(Collected data entries)

= = = = = = =

text \<open>Adjoin elements of S one at a time while S is not yet in the span; by the ascending chain
  condition this stops.\<close>
lemma noetherian_span_finite_subset:
  fixes S :: "'a::comm_ring_1 set"
  assumes "noetherian_ring TYPE('a)"
  shows "\<exists>G. finite G \<and> G \<subseteq> S \<and> rmod.span G = rmod.span S"
proof -
  define next_elem :: "'a list \<Rightarrow> 'a" where
    "next_elem l = (SOME x. x \<in> S \<and> x \<notin> rmod.span (set l))" for l
  define extend :: "'a list \<Rightarrow> 'a list" where
    "extend l = (if S \<subseteq> rmod.span (set l) then l else next_elem l # l)" for l
  define chain where "chain n = (extend ^^ n) []" for n
  have next_elem: "next_elem l \<in> S" "next_elem l \<notin> rmod.span (set l)"
    if "\<not> S \<subseteq> rmod.span (set l)" for l
    using someI_ex[of "\<lambda>x. x \<in> S \<and> x \<notin> rmod.span (set l)"] that
    unfolding next_elem_def by blast+
  have chain_Suc: "chain (Suc n) = extend (chain n)" for n
    unfolding chain_def by simp
  have chain_in_S: "set (chain n) \<subseteq> S" for n
    by (induction n) (auto simp: chain_Suc extend_def chain_def[of 0] next_elem)
  have "\<exists>N. \<forall>n\<ge>N. rmod.span (set (chain n)) = rmod.span (set (chain N))"
    using assms unfolding noetherian_ring_def
    by (elim allE impE)
      (auto simp: chain_Suc extend_def intro: rmod.span_mono[OF subset_insertI, THEN subsetD])
  then obtain N where stable: "rmod.span (set (chain (Suc N))) = rmod.span (set (chain N))"
    by (meson le_SucI order_refl)
  have "S \<subseteq> rmod.span (set (chain N))"
  proof (rule ccontr)
    assume S: "\<not> S \<subseteq> rmod.span (set (chain N))"
    then have "next_elem (chain N) \<in> rmod.span (set (chain (Suc N)))"
      by (simp add: chain_Suc extend_def rmod.span_base)
    then show False using next_elem(2)[OF S] stable by simp
  qed
  then have "rmod.span (set (chain N)) = rmod.span S"
    using chain_in_S rmod.span_mono rmod.span_minimal rmod.subspace_span
    by (metis subset_antisym)
  then show ?thesis using chain_in_S by blast
qed

text \<open>Write each factor as c i * a + (element of span F) and expand: every term has at least e
  factors c i * a or at least k factors from span F.\<close>
lemma long_products_mem_ideal_insert:
  fixes J :: "'a::comm_ring_1 set" and T :: "'i set"
  assumes J: "ring_ideal J" and e: "a ^ e \<in> J"
    and k: "\<And>(T::'i set) x. finite T \<Longrightarrow> k \<le> card T \<Longrightarrow> (\<forall>i\<in>T. x i \<in> rmod.span F) \<Longrightarrow>
      prod x T \<in> J"
    and T: "finite T" "k + e \<le> card T" and x: "\<forall>i\<in>T. x i \<in> rmod.span (insert a F)"
  shows "prod x T \<in> J"
proof -
  obtain c where c: "\<forall>i\<in>T. x i - c i * a \<in> rmod.span F"
    using x unfolding rmod.span_breakdown_eq by metis
  have "prod x T = (\<Prod>i\<in>T. c i * a + (x i - c i * a))" by simp
  also have "\<dots> = (\<Sum>T'\<in>Pow T. (\<Prod>i\<in>T'. c i * a) * (\<Prod>i\<in>T - T'. x i - c i * a))"
    by (rule prod_add[OF T(1)])
  also have "\<dots> \<in> J"
  proof (rule rmod.subspace_sum[OF J[unfolded ring_ideal_iff_subspace]])
    fix T' assume "T' \<in> Pow T"
    then have T': "finite T'" "T' \<subseteq> T" using T(1) finite_subset by auto
    show "(\<Prod>i\<in>T'. c i * a) * (\<Prod>i\<in>T - T'. x i - c i * a) \<in> J"
    proof (cases "e \<le> card T'")
      case True
      then have "a ^ card T' \<in> J"
        using e J ring_ideal_mult_left[of J "a ^ e" "a ^ (card T' - e)"]
        by (simp flip: power_add)
      then have "(\<Prod>i\<in>T'. c i) * a ^ card T' \<in> J" by (rule ring_ideal_mult_left[OF J])
      then show ?thesis using J by (simp add: prod.distrib ring_ideal_mult_right)
    next
      case False
      then have "k \<le> card (T - T')" using T' T(2) by (simp add: card_Diff_subset)
      then have "(\<Prod>i\<in>T - T'. x i - c i * a) \<in> J"
        using k[of "T - T'" "\<lambda>i. x i - c i * a"] T(1) c by auto
      then show ?thesis by (rule ring_ideal_mult_left[OF J])
    qed
  qed
  finally show ?thesis .
qed

lemma long_products_mem_ideal:
  fixes F :: "'a::comm_ring_1 set"
  assumes J: "ring_ideal J" and "finite F" and F: "\<forall>a\<in>F. \<exists>n. a ^ n \<in> J"
  shows "\<exists>k. \<forall>(T::'i set) x. finite T \<longrightarrow> k \<le> card T \<longrightarrow> (\<forall>i\<in>T. x i \<in> rmod.span F)
           \<longrightarrow> prod x T \<in> J"
  using \<open>finite F\<close> F
proof (induction F rule: finite_induct)
  case empty
  have "prod x T \<in> J" if T: "finite T" "1 \<le> card T" "\<forall>i\<in>T. x i \<in> rmod.span {}" for T :: "'i set" and x
  proof -
    obtain i where "i \<in> T" using T(2) by fastforce
    then have "prod x T = 0" using T(1,3) by (intro prod_zero) auto
    then show ?thesis using J unfolding ring_ideal_def by simp
  qed
  then show ?case by blast
next
  case (insert a F)
  obtain e where e: "a ^ e \<in> J" using insert.prems by blast
  obtain k where k: "\<And>(T::'i set) x. finite T \<Longrightarrow> k \<le> card T \<Longrightarrow>
      (\<forall>i\<in>T. x i \<in> rmod.span F) \<Longrightarrow> prod x T \<in> J"
    using insert.IH insert.prems by blast
  show ?case using long_products_mem_ideal_insert[OF J e k] by blast
qed

lemma ideal_pow_subset_if_primes:
  fixes I J :: "'a::comm_ring_1 set"
  assumes "noetherian_ring TYPE('a)" and "ring_ideal I" "ring_ideal J"
    and V: "\<And>q. prime_ring_ideal q \<Longrightarrow> J \<subseteq> q \<Longrightarrow> I \<subseteq> q"
  shows "\<exists>k. ideal_pow I k \<subseteq> J"
proof -
  obtain F where F: "finite F" "F \<subseteq> I" "rmod.span F = I"
    using noetherian_span_finite_subset[OF assms(1), of I] \<open>ring_ideal I\<close>
    by (auto simp: ring_ideal_iff_subspace)
  have "\<forall>a\<in>F. \<exists>n. a ^ n \<in> J"
    using F(2) V power_mem_if_mem_primes[OF \<open>ring_ideal J\<close>] by blast
  then obtain k where k: "\<And>(T::nat set) x. finite T \<Longrightarrow> k \<le> card T \<Longrightarrow>
      (\<forall>i\<in>T. x i \<in> I) \<Longrightarrow> prod x T \<in> J"
    using long_products_mem_ideal[OF \<open>ring_ideal J\<close> F(1)] F(3) by blast
  have "{(\<Prod>i<k. f i) | f. \<forall>i<k. f i \<in> I} \<subseteq> J" using k[of "{..<k}"] by auto
  then have "ideal_pow I k \<subseteq> J"
    unfolding ideal_pow_def ideal_gen_eq_span by (simp add: span_subset_ideal_iff \<open>ring_ideal J\<close>)
  then show ?thesis ..
qed

context module
begin

lemma loc_frac_refl: "s \<notin> p \<Longrightarrow> (m, s) \<in> loc_frac scale p m s"
  unfolding loc_frac_def by (auto intro!: exI[of _ s])

lemma loc_frac_memD:
  "(b, t) \<in> loc_frac scale p a s \<Longrightarrow> t \<notin> p \<and> (\<exists>u. u \<notin> p \<and> u *s (t *s a - s *s b) = 0)"
  unfolding loc_frac_def by auto

lemma scale_diff_eq_0_iff: "c *s (x - y) = 0 \<longleftrightarrow> c *s x = c *s y"
  by (simp add: scale_right_diff_distrib)

lemma loc_frac_subset:
  assumes p: "prime_ring_ideal p" and "s \<notin> p" "w \<notin> p" and e: "w *s (t *s a - s *s b) = 0"
  shows "loc_frac scale p a s \<subseteq> loc_frac scale p b t"
proof
  fix z assume "z \<in> loc_frac scale p a s"
  then obtain b' t' u where z: "z = (b', t')" "t' \<notin> p" "u \<notin> p" "u *s (t' *s a - s *s b') = 0"
    by (metis loc_frac_memD surj_pair)
  have "(w * u * s) *s (t' *s b) = (u * t') *s ((w * s) *s b)"
    by (simp add: ac_simps)
  also have "\<dots> = (u * t') *s ((w * t) *s a)"
    using e by (simp add: scale_diff_eq_0_iff)
  also have "\<dots> = (w * t) *s ((u * t') *s a)"
    by (simp add: ac_simps)
  also have "\<dots> = (w * t) *s ((u * s) *s b')"
    using z(4) by (simp add: scale_diff_eq_0_iff)
  also have "\<dots> = (w * u * s) *s (t *s b')"
    by (simp add: ac_simps)
  finally have "(w * u * s) *s (t' *s b - t *s b') = 0"
    by (simp add: scale_diff_eq_0_iff)
  moreover have "w * u * s \<notin> p"
    using assms z by (simp add: prime_ring_ideal_mult_notin)
  ultimately show "z \<in> loc_frac scale p b t"
    unfolding loc_frac_def using z by blast
qed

= = = = = = =

→ **What you have to do**
Using the data above, return every line that contains the string "auto".

→ **Answer space**
    by (induction n) (auto simp: chain_Suc extend_def chain_def[of 0] next_elem)
      (auto simp: chain_Suc extend_def intro: rmod.span_mono[OF subset_insertI, THEN subsetD])
    then have T': "finite T'" "T' \<subseteq> T" using T(1) finite_subset by auto
        using k[of "T - T'" "\<lambda>i. x i - c i * a"] T(1) c by auto
    then have "prod x T = 0" using T(1,3) by (intro prod_zero) auto
    by (auto simp: ring_ideal_iff_subspace)
  have "{(\<Prod>i<k. f i) | f. \<forall>i<k. f i \<in> I} \<subseteq> J" using k[of "{..<k}"] by auto
  unfolding loc_frac_def by (auto intro!: exI[of _ s])
  unfolding loc_frac_def by auto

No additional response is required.